• **Prompt**
In how many lines of the entries below does "nideal" appear? Give only the number.

== Records for this task ==

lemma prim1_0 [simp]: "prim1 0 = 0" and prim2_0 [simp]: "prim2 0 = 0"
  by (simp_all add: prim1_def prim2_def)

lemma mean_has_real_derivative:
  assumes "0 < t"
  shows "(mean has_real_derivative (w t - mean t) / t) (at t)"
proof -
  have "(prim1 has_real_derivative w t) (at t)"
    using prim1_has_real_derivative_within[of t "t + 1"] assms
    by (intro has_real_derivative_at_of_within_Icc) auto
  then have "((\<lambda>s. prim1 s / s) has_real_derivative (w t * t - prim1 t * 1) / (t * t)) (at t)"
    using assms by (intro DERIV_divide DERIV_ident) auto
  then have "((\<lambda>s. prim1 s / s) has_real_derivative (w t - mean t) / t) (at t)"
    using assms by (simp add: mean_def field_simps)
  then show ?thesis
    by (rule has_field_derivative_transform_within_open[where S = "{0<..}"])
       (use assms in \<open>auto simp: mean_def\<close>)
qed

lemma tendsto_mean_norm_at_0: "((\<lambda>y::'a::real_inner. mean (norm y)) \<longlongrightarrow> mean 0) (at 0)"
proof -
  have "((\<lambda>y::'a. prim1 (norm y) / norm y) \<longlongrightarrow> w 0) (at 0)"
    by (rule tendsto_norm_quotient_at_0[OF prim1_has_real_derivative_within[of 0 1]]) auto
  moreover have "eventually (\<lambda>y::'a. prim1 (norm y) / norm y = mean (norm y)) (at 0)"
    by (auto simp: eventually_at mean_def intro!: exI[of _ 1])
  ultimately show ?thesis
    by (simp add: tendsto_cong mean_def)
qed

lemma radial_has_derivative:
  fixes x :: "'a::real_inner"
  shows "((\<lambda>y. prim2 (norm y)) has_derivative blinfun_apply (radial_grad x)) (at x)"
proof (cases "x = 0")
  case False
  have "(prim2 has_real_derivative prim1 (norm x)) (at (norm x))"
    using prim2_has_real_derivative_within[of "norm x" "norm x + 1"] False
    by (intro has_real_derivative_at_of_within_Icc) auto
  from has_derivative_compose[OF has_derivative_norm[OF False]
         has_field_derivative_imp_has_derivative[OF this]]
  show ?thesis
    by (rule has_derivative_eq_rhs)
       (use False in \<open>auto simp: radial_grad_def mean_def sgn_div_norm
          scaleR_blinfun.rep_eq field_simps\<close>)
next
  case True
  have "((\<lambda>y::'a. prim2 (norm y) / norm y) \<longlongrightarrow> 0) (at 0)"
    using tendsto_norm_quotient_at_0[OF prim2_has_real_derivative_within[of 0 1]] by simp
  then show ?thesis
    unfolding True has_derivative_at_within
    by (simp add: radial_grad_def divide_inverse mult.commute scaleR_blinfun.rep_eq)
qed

===
== Records for this task ==

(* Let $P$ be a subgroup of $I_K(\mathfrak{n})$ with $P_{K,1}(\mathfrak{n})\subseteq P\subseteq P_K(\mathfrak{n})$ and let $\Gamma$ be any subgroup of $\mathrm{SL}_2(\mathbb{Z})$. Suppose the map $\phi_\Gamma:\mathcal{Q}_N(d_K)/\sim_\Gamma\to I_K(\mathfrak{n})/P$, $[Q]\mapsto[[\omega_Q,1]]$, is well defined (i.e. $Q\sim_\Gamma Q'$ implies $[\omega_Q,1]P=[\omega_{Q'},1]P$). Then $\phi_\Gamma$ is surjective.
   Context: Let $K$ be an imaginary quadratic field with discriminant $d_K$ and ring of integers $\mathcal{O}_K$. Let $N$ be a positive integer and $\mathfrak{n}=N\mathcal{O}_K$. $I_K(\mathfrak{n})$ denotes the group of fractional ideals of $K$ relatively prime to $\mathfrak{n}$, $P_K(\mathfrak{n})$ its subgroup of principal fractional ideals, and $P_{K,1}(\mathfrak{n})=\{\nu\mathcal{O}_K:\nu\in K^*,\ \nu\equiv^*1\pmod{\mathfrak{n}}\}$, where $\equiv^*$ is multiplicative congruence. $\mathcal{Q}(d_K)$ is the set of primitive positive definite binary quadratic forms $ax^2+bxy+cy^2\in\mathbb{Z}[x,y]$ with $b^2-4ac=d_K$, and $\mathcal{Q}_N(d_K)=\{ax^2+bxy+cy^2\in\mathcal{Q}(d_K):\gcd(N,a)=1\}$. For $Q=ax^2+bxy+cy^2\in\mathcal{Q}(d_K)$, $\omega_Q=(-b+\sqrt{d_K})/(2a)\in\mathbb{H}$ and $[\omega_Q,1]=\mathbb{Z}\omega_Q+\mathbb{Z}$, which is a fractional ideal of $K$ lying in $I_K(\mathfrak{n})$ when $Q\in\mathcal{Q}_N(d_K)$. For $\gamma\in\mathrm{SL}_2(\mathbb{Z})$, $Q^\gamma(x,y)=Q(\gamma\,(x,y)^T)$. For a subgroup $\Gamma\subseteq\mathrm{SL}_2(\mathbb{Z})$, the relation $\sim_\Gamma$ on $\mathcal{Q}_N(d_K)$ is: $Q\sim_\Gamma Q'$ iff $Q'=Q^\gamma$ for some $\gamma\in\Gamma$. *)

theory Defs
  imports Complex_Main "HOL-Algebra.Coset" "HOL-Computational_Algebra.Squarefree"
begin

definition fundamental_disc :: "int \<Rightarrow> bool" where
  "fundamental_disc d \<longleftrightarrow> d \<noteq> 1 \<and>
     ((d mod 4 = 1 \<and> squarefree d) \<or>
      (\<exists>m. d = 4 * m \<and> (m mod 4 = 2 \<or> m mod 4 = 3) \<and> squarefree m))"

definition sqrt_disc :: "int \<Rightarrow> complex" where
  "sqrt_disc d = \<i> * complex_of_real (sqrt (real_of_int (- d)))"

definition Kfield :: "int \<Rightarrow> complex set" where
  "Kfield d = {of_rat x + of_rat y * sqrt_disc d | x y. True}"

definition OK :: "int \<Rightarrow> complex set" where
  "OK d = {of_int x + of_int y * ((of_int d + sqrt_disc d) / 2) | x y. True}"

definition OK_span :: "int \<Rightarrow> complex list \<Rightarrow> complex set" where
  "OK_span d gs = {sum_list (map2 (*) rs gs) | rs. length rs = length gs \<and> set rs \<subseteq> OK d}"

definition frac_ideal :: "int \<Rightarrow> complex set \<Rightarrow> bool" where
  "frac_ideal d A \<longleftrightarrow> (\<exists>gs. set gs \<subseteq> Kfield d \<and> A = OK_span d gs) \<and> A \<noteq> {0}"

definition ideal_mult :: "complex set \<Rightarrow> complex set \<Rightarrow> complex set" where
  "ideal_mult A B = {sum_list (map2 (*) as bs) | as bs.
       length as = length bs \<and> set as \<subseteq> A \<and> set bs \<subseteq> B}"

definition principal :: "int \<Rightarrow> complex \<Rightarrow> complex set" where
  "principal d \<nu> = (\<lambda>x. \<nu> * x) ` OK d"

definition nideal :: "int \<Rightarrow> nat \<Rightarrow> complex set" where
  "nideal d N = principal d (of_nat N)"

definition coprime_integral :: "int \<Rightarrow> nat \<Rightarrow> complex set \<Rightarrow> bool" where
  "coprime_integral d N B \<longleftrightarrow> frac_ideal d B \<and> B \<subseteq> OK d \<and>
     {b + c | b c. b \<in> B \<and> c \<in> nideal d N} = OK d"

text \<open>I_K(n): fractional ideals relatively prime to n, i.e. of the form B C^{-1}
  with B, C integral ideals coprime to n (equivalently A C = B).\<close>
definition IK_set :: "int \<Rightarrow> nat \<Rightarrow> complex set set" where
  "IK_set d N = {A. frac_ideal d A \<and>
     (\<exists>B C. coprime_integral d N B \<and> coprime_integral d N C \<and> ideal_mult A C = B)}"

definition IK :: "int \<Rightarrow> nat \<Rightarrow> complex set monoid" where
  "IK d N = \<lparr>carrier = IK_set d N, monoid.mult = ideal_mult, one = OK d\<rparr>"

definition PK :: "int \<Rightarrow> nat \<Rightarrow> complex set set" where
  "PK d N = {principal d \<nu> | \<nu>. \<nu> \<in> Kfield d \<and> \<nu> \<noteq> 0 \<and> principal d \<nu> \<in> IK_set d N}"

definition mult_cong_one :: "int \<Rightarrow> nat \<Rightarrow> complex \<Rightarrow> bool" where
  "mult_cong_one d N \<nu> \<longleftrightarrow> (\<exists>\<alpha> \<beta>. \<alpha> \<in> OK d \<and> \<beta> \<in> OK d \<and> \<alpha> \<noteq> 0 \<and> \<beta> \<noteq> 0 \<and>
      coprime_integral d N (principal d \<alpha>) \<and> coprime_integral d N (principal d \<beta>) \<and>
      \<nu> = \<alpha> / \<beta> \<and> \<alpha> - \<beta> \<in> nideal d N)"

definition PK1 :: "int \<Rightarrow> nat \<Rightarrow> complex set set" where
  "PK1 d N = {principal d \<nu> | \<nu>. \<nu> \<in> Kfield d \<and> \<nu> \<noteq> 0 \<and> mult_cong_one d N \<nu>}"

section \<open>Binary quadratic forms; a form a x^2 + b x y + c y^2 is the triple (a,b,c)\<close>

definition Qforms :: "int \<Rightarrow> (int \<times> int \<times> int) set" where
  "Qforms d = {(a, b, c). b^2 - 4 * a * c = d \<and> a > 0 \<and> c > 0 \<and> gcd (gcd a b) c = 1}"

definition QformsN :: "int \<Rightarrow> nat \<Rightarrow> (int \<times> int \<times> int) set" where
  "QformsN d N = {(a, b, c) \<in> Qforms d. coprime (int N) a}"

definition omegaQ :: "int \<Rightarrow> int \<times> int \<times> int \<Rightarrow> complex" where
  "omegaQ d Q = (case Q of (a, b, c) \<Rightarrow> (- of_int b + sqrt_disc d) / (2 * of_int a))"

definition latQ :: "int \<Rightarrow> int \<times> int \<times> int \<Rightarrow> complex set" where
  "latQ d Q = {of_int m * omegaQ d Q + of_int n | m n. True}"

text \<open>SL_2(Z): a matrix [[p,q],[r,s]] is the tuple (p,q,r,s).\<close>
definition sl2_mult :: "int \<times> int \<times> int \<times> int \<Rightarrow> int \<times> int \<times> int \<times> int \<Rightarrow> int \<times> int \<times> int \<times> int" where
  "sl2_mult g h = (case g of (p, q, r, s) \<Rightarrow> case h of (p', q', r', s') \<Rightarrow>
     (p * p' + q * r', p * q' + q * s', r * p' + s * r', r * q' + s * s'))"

===

• **Expected output**
4